(* Let $\Sigma$ be a $\sigma$-finite measure space and let $\varphi\in L^\infty(\Sigma^2)$ be a Schur multiplier on $B(L^2(\Sigma))$. Suppose $H$ is a Hilbert space and $\alpha,\beta\in L^\infty(\Sigma,H)$ satisfy $\varphi(s,t)=\langle\alpha(s),\beta(t)\rangle_H$ for almost every $(s,t)\in\Sigma\times\Sigma$. Then $M^\infty_\varphi$ is unital (i.e. $M_\varphi^\infty(I)=I$) if and only if $\langle\alpha(t),\beta(t)\rangle_H=1$ for almost every $t\in\Sigma$.
   Context: $L^\infty(\Sigma,H)$ is the Bochner space of (strongly) measurable essentially bounded $H$-valued functions. $S_f(h)=\int_\Sigma f(\cdot,t)h(t)dt$ for $f\in L^2(\Sigma^2)$; $M_\varphi(S_f)=S_{\varphi f}$ on $S^2(L^2(\Sigma))$. $\varphi$ is a Schur multiplier on $B(L^2(\Sigma))$ if $\|M_\varphi(S)\|_{B(L^2)}\le C\|S\|_{B(L^2)}$ for all $S\in S^2(L^2(\Sigma))$; $M_\varphi^\infty$ denotes its unique $w^*$-continuous extension to $B(L^2(\Sigma))$. *)

theory Defs
  imports "HOL-Analysis.Analysis"
begin

text \<open>HOL-Analysis only provides real inner product spaces.\<close>

class chilbert = banach +
  fixes scaleC :: "complex \<Rightarrow> 'a \<Rightarrow> 'a"
    and cinner :: "'a \<Rightarrow> 'a \<Rightarrow> complex"
  assumes scaleC_add_right: "scaleC c (x + y) = scaleC c x + scaleC c y"
    and scaleC_add_left: "scaleC (c + d) x = scaleC c x + scaleC d x"
    and scaleC_scaleC: "scaleC c (scaleC d x) = scaleC (c * d) x"
    and scaleC_one: "scaleC 1 x = x"
    and scaleR_scaleC: "scaleR r x = scaleC (complex_of_real r) x"
    and cinner_add_left: "cinner (x + y) z = cinner x z + cinner y z"
    and cinner_scaleC_left: "cinner (scaleC c x) y = c * cinner x y"
    and cinner_commute: "cinner x y = cnj (cinner y x)"
    and norm_cinner: "norm x = sqrt (Re (cinner x x))"

definition strongly_measurable :: "'a measure \<Rightarrow> ('a \<Rightarrow> 'b::metric_space) \<Rightarrow> bool" where
  "strongly_measurable M f \<longleftrightarrow>
     (\<exists>s :: nat \<Rightarrow> 'a \<Rightarrow> 'b. (\<forall>n. simple_function M (s n)) \<and>
        (AE x in M. (\<lambda>n. s n x) \<longlonglongrightarrow> f x))"

definition Linf_vec :: "'a measure \<Rightarrow> ('a \<Rightarrow> 'b::real_normed_vector) \<Rightarrow> bool" where
  "Linf_vec M f \<longleftrightarrow> strongly_measurable M f \<and> (\<exists>C. AE x in M. norm (f x) \<le> C)"

definition Linf2 :: "'a measure \<Rightarrow> ('a \<Rightarrow> 'a \<Rightarrow> complex) \<Rightarrow> bool" where
  "Linf2 M \<phi> \<longleftrightarrow> (\<lambda>z. \<phi> (fst z) (snd z)) \<in> borel_measurable (M \<Otimes>\<^sub>M M) \<and>
     (\<exists>C. AE z in M \<Otimes>\<^sub>M M. cmod (\<phi> (fst z) (snd z)) \<le> C)"

text \<open>Elements of L^2 are represented by square-integrable functions; operators by
maps on functions, considered up to a.e. equality of their values on L^2.\<close>

definition L2 :: "'a measure \<Rightarrow> ('a \<Rightarrow> complex) set" where
  "L2 M = {f. f \<in> borel_measurable M \<and> integrable M (\<lambda>x. (cmod (f x))\<^sup>2)}"

definition l2inner :: "'a measure \<Rightarrow> ('a \<Rightarrow> complex) \<Rightarrow> ('a \<Rightarrow> complex) \<Rightarrow> complex" where
  "l2inner M f g = (LINT x|M. f x * cnj (g x))"

definition l2norm :: "'a measure \<Rightarrow> ('a \<Rightarrow> complex) \<Rightarrow> real" where
  "l2norm M f = sqrt (LINT x|M. (cmod (f x))\<^sup>2)"

type_synonym 'a op = "('a \<Rightarrow> complex) \<Rightarrow> ('a \<Rightarrow> complex)"

definition op_eq :: "'a measure \<Rightarrow> 'a op \<Rightarrow> 'a op \<Rightarrow> bool" where
  "op_eq M T S \<longleftrightarrow> (\<forall>h\<in>L2 M. AE x in M. T h x = S h x)"

definition op_bound :: "'a measure \<Rightarrow> 'a op \<Rightarrow> real \<Rightarrow> bool" where
  "op_bound M T C \<longleftrightarrow> (\<forall>h\<in>L2 M. l2norm M (T h) \<le> C * l2norm M h)"

definition bounded_op :: "'a measure \<Rightarrow> 'a op \<Rightarrow> bool" where
  "bounded_op M T \<longleftrightarrow> (\<forall>h\<in>L2 M. T h \<in> L2 M) \<and>
     (\<forall>f\<in>L2 M. \<forall>g\<in>L2 M. \<forall>c. AE x in M. T (\<lambda>y. f y + c * g y) x = T f x + c * T g x) \<and>
     (\<exists>C. op_bound M T C)"

definition L2_kernel :: "'a measure \<Rightarrow> ('a \<Rightarrow> 'a \<Rightarrow> complex) \<Rightarrow> bool" where
  "L2_kernel M k \<longleftrightarrow> (\<lambda>z. k (fst z) (snd z)) \<in> borel_measurable (M \<Otimes>\<^sub>M M) \<and>
     integrable (M \<Otimes>\<^sub>M M) (\<lambda>z. (cmod (k (fst z) (snd z)))\<^sup>2)"

definition hs_op :: "'a measure \<Rightarrow> ('a \<Rightarrow> 'a \<Rightarrow> complex) \<Rightarrow> 'a op" where
  "hs_op M k = (\<lambda>h s. LINT t|M. k s t * h t)"

definition schur_multiplier :: "'a measure \<Rightarrow> ('a \<Rightarrow> 'a \<Rightarrow> complex) \<Rightarrow> bool" where
  "schur_multiplier M \<phi> \<longleftrightarrow> (\<exists>C. \<forall>k. L2_kernel M k \<longrightarrow>
     (\<forall>D. op_bound M (hs_op M k) D \<longrightarrow> op_bound M (hs_op M (\<lambda>s t. \<phi> s t * k s t)) (C * D)))"

text \<open>Normal (w*-continuous) functionals on B(L^2) are exactly
T \<mapsto> \<Sum>n <T x_n, y_n> with \<Sum>n ||x_n|| ||y_n|| < \<infinity>.\<close>
definition normal_seq :: "'a measure \<Rightarrow> (nat \<Rightarrow> 'a \<Rightarrow> complex) \<Rightarrow> (nat \<Rightarrow> 'a \<Rightarrow> complex) \<Rightarrow> bool" where
  "normal_seq M x y \<longleftrightarrow> (\<forall>n. x n \<in> L2 M \<and> y n \<in> L2 M) \<and>
     summable (\<lambda>n. l2norm M (x n) * l2norm M (y n))"

definition normal_fun :: "'a measure \<Rightarrow> (nat \<Rightarrow> 'a \<Rightarrow> complex) \<Rightarrow> (nat \<Rightarrow> 'a \<Rightarrow> complex) \<Rightarrow> 'a op \<Rightarrow> complex" where
  "normal_fun M x y T = (\<Sum>n. l2inner M (T (x n)) (y n))"
lemma overlaps_two_runs:
  assumes "x \<noteq> y" "0 < a" "0 < b"
  shows "overlaps (replicate a x @ replicate b y) = {replicate a x @ replicate b y}"
    (is "overlaps ?S = {?S}")
proof -
  have "w = ?S" if w: "w \<in> overlaps ?S" for w
  proof -
    (* w ends with y, so it contains the whole run of x; the part u in front of it then
       has no x, although it would start with x if it were nonempty. *)
    obtain u where u: "?S = u @ w"
      using w by (auto simp: overlaps_def suffix_def)
    have "w \<noteq> []" and prefix: "take (length w) ?S = w"
      using overlapsD[OF w] by auto
    have "last w = last ?S"
      unfolding u using \<open>w \<noteq> []\<close> by simp
    also have "\<dots> = y"
      using assms(3) by simp
    finally have "last w = y" .
    have "a < length w"
    proof (rule ccontr)
      assume "\<not> a < length w"
      then have "w = replicate (length w) x"
        using prefix by (simp add: take_append)
      then have "last w = x"
        using \<open>w \<noteq> []\<close> by (metis last_replicate length_0_conv)
      then show False
        using \<open>last w = y\<close> assms(1) by simp
    qed
    then have "count_list (take (length w) ?S) x = a"
      using assms(1) overlapsD(2)[OF w] by (simp add: take_append count_list_replicate)
    with prefix have "count_list w x = a"
      by simp
    then have "x \<notin> set u"
      using arg_cong[OF u, of "\<lambda>xs. count_list xs x"] assms(1)
      by (simp add: count_list_replicate count_list_0_iff)
    then show "w = ?S"
      using u assms(2) by (cases u; cases a) auto
  qed
  then show ?thesis
    using assms by (auto simp: self_in_overlaps)
qed

section \<open>Conway's formula\<close>

lemma first_occurrence_overlaps_window:
  assumes none: "\<not> sublist S (stake n \<omega>)" and window: "stake (length S) (sdrop n \<omega>) = S"
  shows "\<exists>w\<in>overlaps S. waiting_time S \<omega> = of_nat (n + length w)
           \<and> stake (length S - length w) (sdrop (n + length w) \<omega>) = drop (length w) S"
proof -
  define k where "k = length S"
  have window': "stake k (sdrop n \<omega>) = S"
    using window by (simp add: k_def)
  have occ_end: "suffix S (stake (n + k) \<omega>)"
    using window by (simp add: suffix_stake_iff k_def)
  then have ex: "\<exists>t. suffix S (stake t \<omega>)" ..
  define T where "T = (LEAST t. suffix S (stake t \<omega>))"
  have T: "waiting_time S \<omega> = of_nat T"
    by (simp add: waiting_time_altdef ex T_def)
  have "T \<le> n + k"
    unfolding T_def using occ_end by (rule Least_le)
  have "n < T"
    using none not_sublist_stake_iff[OF T] by blast
  have occ: "stake k (sdrop (T - k) \<omega>) = S" "k \<le> T"
    using T by (auto simp: waiting_time_eq_of_nat_iff suffix_stake_iff k_def)
  define j where "j = T - n"
  have j: "0 < j" "j \<le> k"
    using \<open>n < T\<close> \<open>T \<le> n + k\<close> by (auto simp: j_def)
  have "take j S = stake j (sdrop n \<omega>)"
    using j by (simp add: take_stake flip: window')
  also have "\<dots> = drop (k - j) S"
    using occ j \<open>n < T\<close> by (simp add: drop_stake j_def flip: occ(1))
  finally have "take j S \<in> overlaps S"
    using j take_in_overlaps[of j S] by (simp add: k_def)
  moreover have "drop j S = stake (k - j) (sdrop (n + j) \<omega>)"
    by (simp add: drop_stake flip: window')
  ultimately show ?thesis
    using T j \<open>n < T\<close> by (intro bexI[of _ "take j S"]) (auto simp: j_def k_def)
qed

lemma window_of_first_occurrence_overlap:
  assumes w: "w \<in> overlaps S"
    and first: "waiting_time S \<omega> = of_nat (n + length w)"
    and rest: "stake (length S - length w) (sdrop (n + length w) \<omega>) = drop (length w) S"
  shows "\<not> sublist S (stake n \<omega>) \<and> stake (length S) (sdrop n \<omega>) = S"
proof
  show "\<not> sublist S (stake n \<omega>)"
    using not_sublist_stake_iff[OF first] overlapsD(1)[OF w] by simp
  define k j where "k = length S" and "j = length w"
  have j: "0 < j" "j \<le> k"
    using overlapsD[OF w] by (simp_all add: j_def k_def)
  have occ: "stake k (sdrop (n + j - k) \<omega>) = S" "k \<le> n + j"
    using first[unfolded waiting_time_eq_of_nat_iff suffix_stake_iff] by (simp_all add: k_def j_def)
  have "stake k (sdrop n \<omega>) = stake j (sdrop n \<omega>) @ stake (k - j) (sdrop (n + j) \<omega>)"
    using stake_add[of j "sdrop n \<omega>" "k - j"] j by (simp add: add.commute)
  also have "stake j (sdrop n \<omega>) = drop (k - j) S"
    using occ j by (simp add: drop_stake flip: occ(1))
  also have "\<dots> = take j S"
    using overlapsD(3,4)[OF w] by (simp add: j_def k_def)
  finally show "stake (length S) (sdrop n \<omega>) = S"
    using rest by (simp add: j_def k_def)
qed
text \<open>
  All five conditions are pinned down by duality and by the fact that, at every point, \<open>f\<close>
  is touched from above by a translate \<open>f(x\<^sub>0) + \<phi>(\<cdot> - x\<^sub>0 + z) - \<phi>(z)\<close>.
  (iv)\<open>\<Rightarrow>\<close>(v): for \<open>f = g \<box> \<phi>\<close> the infimum is attained (super-coercivity), so such a translate
  exists at every point; comparing it with a subgradient \<open>v\<close> of \<open>-f\<close> forces \<open>\<nabla>\<phi>(z) = -v\<close>, which is
  the a-weak convexity inequality of \<open>-f\<close>; limiting subgradients follow by continuity of \<open>\<nabla>\<phi>\<^sup>*\<close>.
  (v)\<open>\<Rightarrow>\<close>(i),(ii): a finite concave function has limiting subgradients everywhere, so (v) gives the
  touching translates; their supremum represents \<open>-f\<close> as a left \<open>\<Phi>\<close>-convex function, and a convex
  function touched from above by a differentiable one is differentiable there.
  (ii)\<open>\<Rightarrow>\<close>(iii): conjugating \<open>f = inf\<^sub>i \<phi>(\<cdot> - y\<^sub>i) + \<beta>\<^sub>i\<close> gives \<open>f\<^sup>* = \<phi>\<^sup>* + sup\<^sub>i \<langle>\<cdot>, y\<^sub>i\<rangle> - \<beta>\<^sub>i\<close>.
  (iii)\<open>\<Rightarrow>\<close>(iv): \<open>h = f\<^sup>* - \<phi>\<^sup>*\<close> is proper, lsc and convex, and \<open>g = h\<^sup>*\<close> satisfies
  \<open>(g \<box> \<phi>)\<^sup>* = h + \<phi>\<^sup>* = f\<^sup>*\<close>, so \<open>g \<box> \<phi> = f\<close> by Fenchel--Moreau.
\<close>

section \<open>Lower semicontinuity, epigraphs and affine minorants\<close>

lemma lsc_fun_iff:
  fixes f :: "'a::metric_space \<Rightarrow> ereal"
  shows "lsc_fun f \<longleftrightarrow>
    (\<forall>x (c::real). ereal c < f x \<longrightarrow> (\<exists>e>0. \<forall>y. dist y x < e \<longrightarrow> ereal c < f y))"
proof
  assume L: "lsc_fun f"
  show "\<forall>x (c::real). ereal c < f x \<longrightarrow> (\<exists>e>0. \<forall>y. dist y x < e \<longrightarrow> ereal c < f y)"
  proof (intro allI impI)
    fix x c assume c: "ereal c < f x"
    have "f x = min (f x) (Liminf (at x) f)" using L unfolding lsc_fun_def by (simp add: min_def)
    also have "\<dots> = (SUP e\<in>{0<..}. INF y\<in>ball x e. f y)" by (rule min_Liminf_at)
    finally have "ereal c < (SUP e\<in>{0<..}. INF y\<in>ball x e. f y)" using c by simp
    then obtain e where e: "e > 0" "ereal c < (INF y\<in>ball x e. f y)" by (auto simp: less_SUP_iff)
    show "\<exists>e>0. \<forall>y. dist y x < e \<longrightarrow> ereal c < f y"
      using e by (intro exI[of _ e]) (auto simp: less_INF_D dist_commute)
  qed
next
  assume R: "\<forall>x (c::real). ereal c < f x \<longrightarrow> (\<exists>e>0. \<forall>y. dist y x < e \<longrightarrow> ereal c < f y)"
  show "lsc_fun f" unfolding lsc_fun_def
  proof
    fix x
    show "f x \<le> Liminf (at x) f" unfolding Liminf_at
    proof (rule dense_le)
      fix c' assume c': "c' < f x"
      show "c' \<le> (SUP e\<in>{0<..}. INF y\<in>ball x e - {x}. f y)"
      proof (cases c')
        case (real c)
        have "ereal c < f x" using c' real by simp
        then obtain e where e: "e > 0" "\<forall>y. dist y x < e \<longrightarrow> ereal c < f y" using R by blast
        have "c' \<le> (INF y\<in>ball x e - {x}. f y)"
          using e real by (intro INF_greatest) (auto simp: dist_commute intro: less_imp_le)
        also have "\<dots> \<le> (SUP e\<in>{0<..}. INF y\<in>ball x e - {x}. f y)" using e by (auto intro: SUP_upper)
        finally show ?thesis .
      qed (use c' in auto)
    qed
  qed
qed
lemma Sig_Suc_past_sigma_block:
  assumes "1 \<le> m" "m + 2 \<le> N" "N \<le> n"
  shows "braid_eq n (Sig (Suc m) True # sigma_block N) (sigma_block N @ [Sig m True])"
proof -
  define A where "A = pos_word [1..<m]"
  define R where "R = pos_word [Suc (Suc m)..<N]"
  have "[1..<N] = [1..<m] @ [m..<N]"
    using assms upt_add_eq_append[of 1 m "N - m"] by simp
  also have "[m..<N] = m # Suc m # [Suc (Suc m)..<N]"
    using assms by (simp add: upt_conv_Cons)
  finally have split: "sigma_block N = A @ [Sig m True, Sig (Suc m) True] @ R"
    by (simp add: sigma_block_eq_pos_word A_def R_def)
  have wf: "wf_word n A" "wf_word n R"
    using assms by (auto simp: A_def R_def wf_word_pos_word)
  have commute_A: "braid_eq n (Sig (Suc m) True # A) (A @ [Sig (Suc m) True])"
    using pos_word_commute_far[of n "Suc m" "[1..<m]"] assms by (auto simp: A_def wf_word_pos_word)
  have commute_R: "braid_eq n (Sig m True # R) (R @ [Sig m True])"
    using pos_word_commute_far[of n m "[Suc (Suc m)..<N]"] assms
    by (auto simp: R_def wf_word_pos_word)
  have "braid_eq n (Sig (Suc m) True # sigma_block N)
      (A @ [Sig (Suc m) True, Sig m True, Sig (Suc m) True] @ R)"
    using braid_eq_append_right[OF commute_A, of "[Sig m True, Sig (Suc m) True] @ R"] wf assms
    by (simp add: split)
  also have "braid_eq n \<dots> (A @ [Sig m True, Sig (Suc m) True, Sig m True] @ R)"
    using assms wf
    by (intro braid_eq_append_cong braid_eq_local_rel) (auto intro: local_rel.R3)
  also have "braid_eq n \<dots> (sigma_block N @ [Sig m True])"
    using braid_eq_append_left[OF commute_R, of "A @ [Sig m True, Sig (Suc m) True]"] wf assms
    by (simp add: split)
  finally show ?thesis .
qed

lemma pos_word_Suc_past_sigma_block:
  assumes "\<forall>m\<in>set ms. 1 \<le> m \<and> m + 2 \<le> N" "N \<le> n"
  shows "braid_eq n (pos_word (map Suc ms) @ sigma_block N) (sigma_block N @ pos_word ms)"
  using assms
proof (induction ms)
  case Nil
  then show ?case by (simp add: braid_eq_refl)
next
  case (Cons m ms)
  have "braid_eq n (pos_word (map Suc (m # ms)) @ sigma_block N)
      (Sig (Suc m) True # sigma_block N @ pos_word ms)"
    using braid_eq_append_left[OF Cons.IH, of "[Sig (Suc m) True]"] Cons.prems by simp
  also have "braid_eq n \<dots> (sigma_block N @ pos_word (m # ms))"
  proof -
    have "wf_word n (pos_word ms)"
      using Cons.prems by (auto simp: wf_word_pos_word)
    then show ?thesis
      using braid_eq_append_right[OF Sig_Suc_past_sigma_block] Cons.prems by simp
  qed
  finally show ?case .
qed

lemma sigma_block_Suc_power:
  assumes "k \<le> N" "N < n"
  shows "braid_eq n (word_power (sigma_block (Suc N)) k)
      (word_power (sigma_block N) k @ pos_word (rev [Suc N - k..<Suc N]))"
  using assms
proof (induction k)
  case 0
  then show ?case by (simp add: braid_eq_refl word_power_def)
next
  case (Suc k)
  have wf: "wf_word n (sigma_block (Suc N))" "wf_word n (word_power (sigma_block N) k)"
    using Suc.prems by (simp_all add: wf_word_sigma_block wf_word_word_power)
  have shift: "rev [Suc N - k..<Suc N] = map Suc (rev [N - k..<N])"
    using Suc.prems by (simp add: map_Suc_upt rev_map[symmetric] Suc_diff_le)
  have "braid_eq n (word_power (sigma_block (Suc N)) (Suc k))
      (word_power (sigma_block N) k @ pos_word (rev [Suc N - k..<Suc N]) @ sigma_block (Suc N))"
    using braid_eq_append_right[OF Suc.IH wf(1)] Suc.prems by (simp add: word_power_Suc_right)
  also have "braid_eq n \<dots>
      (word_power (sigma_block N) k @ sigma_block (Suc N) @ pos_word (rev [N - k..<N]))"
    unfolding shift using Suc.prems wf
    by (intro braid_eq_append_left pos_word_Suc_past_sigma_block) auto
  also have "\<dots> = word_power (sigma_block N) (Suc k) @ pos_word (rev [Suc N - Suc k..<Suc N])"
    using Suc.prems by (simp add: sigma_block_Suc word_power_Suc_right upt_rec[of "N - k"])
  finally show ?case .
qed

lemma full_twist_eq_garside_square:
  assumes "N \<le> n"
  shows "braid_eq n (full_twist N) (pos_word (garside_idx N @ rev (garside_idx N)))"
  using assms
proof (induction N)
  case 0
  then show ?case by (simp add: braid_eq_refl full_twist_def word_power_def)
next
  case (Suc N)
  have wf: "wf_word n (sigma_block (Suc N))" "wf_word n (pos_word (rev [1..<Suc N]))"
    using Suc.prems by (auto intro: wf_word_sigma_block simp: wf_word_pos_word)
  have "braid_eq n (full_twist (Suc N))
      (sigma_block (Suc N) @ full_twist N @ pos_word (rev [1..<Suc N]))"
    using braid_eq_append_left[OF sigma_block_Suc_power[of N N n] wf(1)] Suc.prems
    by (simp add: full_twist_def word_power_Suc)
  also have "braid_eq n \<dots> (sigma_block (Suc N) @ pos_word (garside_idx N @ rev (garside_idx N))
      @ pos_word (rev [1..<Suc N]))"
    using Suc wf by (intro braid_eq_append_cong) auto
  also have "\<dots> = pos_word (garside_idx (Suc N) @ rev (garside_idx (Suc N)))"
    by (simp add: sigma_block_eq_pos_word)
  finally show ?case .
qed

------------------------

WORK ITEM:
Starting at the first line of the records, print each line exactly, stopping after the line that contains "('a \<Rightarrow> 'b::real_normed_vector)".

SOLUTION TO THIS TASK:
(* Let $\Sigma$ be a $\sigma$-finite measure space and let $\varphi\in L^\infty(\Sigma^2)$ be a Schur multiplier on $B(L^2(\Sigma))$. Suppose $H$ is a Hilbert space and $\alpha,\beta\in L^\infty(\Sigma,H)$ satisfy $\varphi(s,t)=\langle\alpha(s),\beta(t)\rangle_H$ for almost every $(s,t)\in\Sigma\times\Sigma$. Then $M^\infty_\varphi$ is unital (i.e. $M_\varphi^\infty(I)=I$) if and only if $\langle\alpha(t),\beta(t)\rangle_H=1$ for almost every $t\in\Sigma$.
   Context: $L^\infty(\Sigma,H)$ is the Bochner space of (strongly) measurable essentially bounded $H$-valued functions. $S_f(h)=\int_\Sigma f(\cdot,t)h(t)dt$ for $f\in L^2(\Sigma^2)$; $M_\varphi(S_f)=S_{\varphi f}$ on $S^2(L^2(\Sigma))$. $\varphi$ is a Schur multiplier on $B(L^2(\Sigma))$ if $\|M_\varphi(S)\|_{B(L^2)}\le C\|S\|_{B(L^2)}$ for all $S\in S^2(L^2(\Sigma))$; $M_\varphi^\infty$ denotes its unique $w^*$-continuous extension to $B(L^2(\Sigma))$. *)

theory Defs
  imports "HOL-Analysis.Analysis"
begin

text \<open>HOL-Analysis only provides real inner product spaces.\<close>

class chilbert = banach +
  fixes scaleC :: "complex \<Rightarrow> 'a \<Rightarrow> 'a"
    and cinner :: "'a \<Rightarrow> 'a \<Rightarrow> complex"
  assumes scaleC_add_right: "scaleC c (x + y) = scaleC c x + scaleC c y"
    and scaleC_add_left: "scaleC (c + d) x = scaleC c x + scaleC d x"
    and scaleC_scaleC: "scaleC c (scaleC d x) = scaleC (c * d) x"
    and scaleC_one: "scaleC 1 x = x"
    and scaleR_scaleC: "scaleR r x = scaleC (complex_of_real r) x"
    and cinner_add_left: "cinner (x + y) z = cinner x z + cinner y z"
    and cinner_scaleC_left: "cinner (scaleC c x) y = c * cinner x y"
    and cinner_commute: "cinner x y = cnj (cinner y x)"
    and norm_cinner: "norm x = sqrt (Re (cinner x x))"

definition strongly_measurable :: "'a measure \<Rightarrow> ('a \<Rightarrow> 'b::metric_space) \<Rightarrow> bool" where
  "strongly_measurable M f \<longleftrightarrow>
     (\<exists>s :: nat \<Rightarrow> 'a \<Rightarrow> 'b. (\<forall>n. simple_function M (s n)) \<and>
        (AE x in M. (\<lambda>n. s n x) \<longlonglongrightarrow> f x))"

definition Linf_vec :: "'a measure \<Rightarrow> ('a \<Rightarrow> 'b::real_normed_vector) \<Rightarrow> bool" where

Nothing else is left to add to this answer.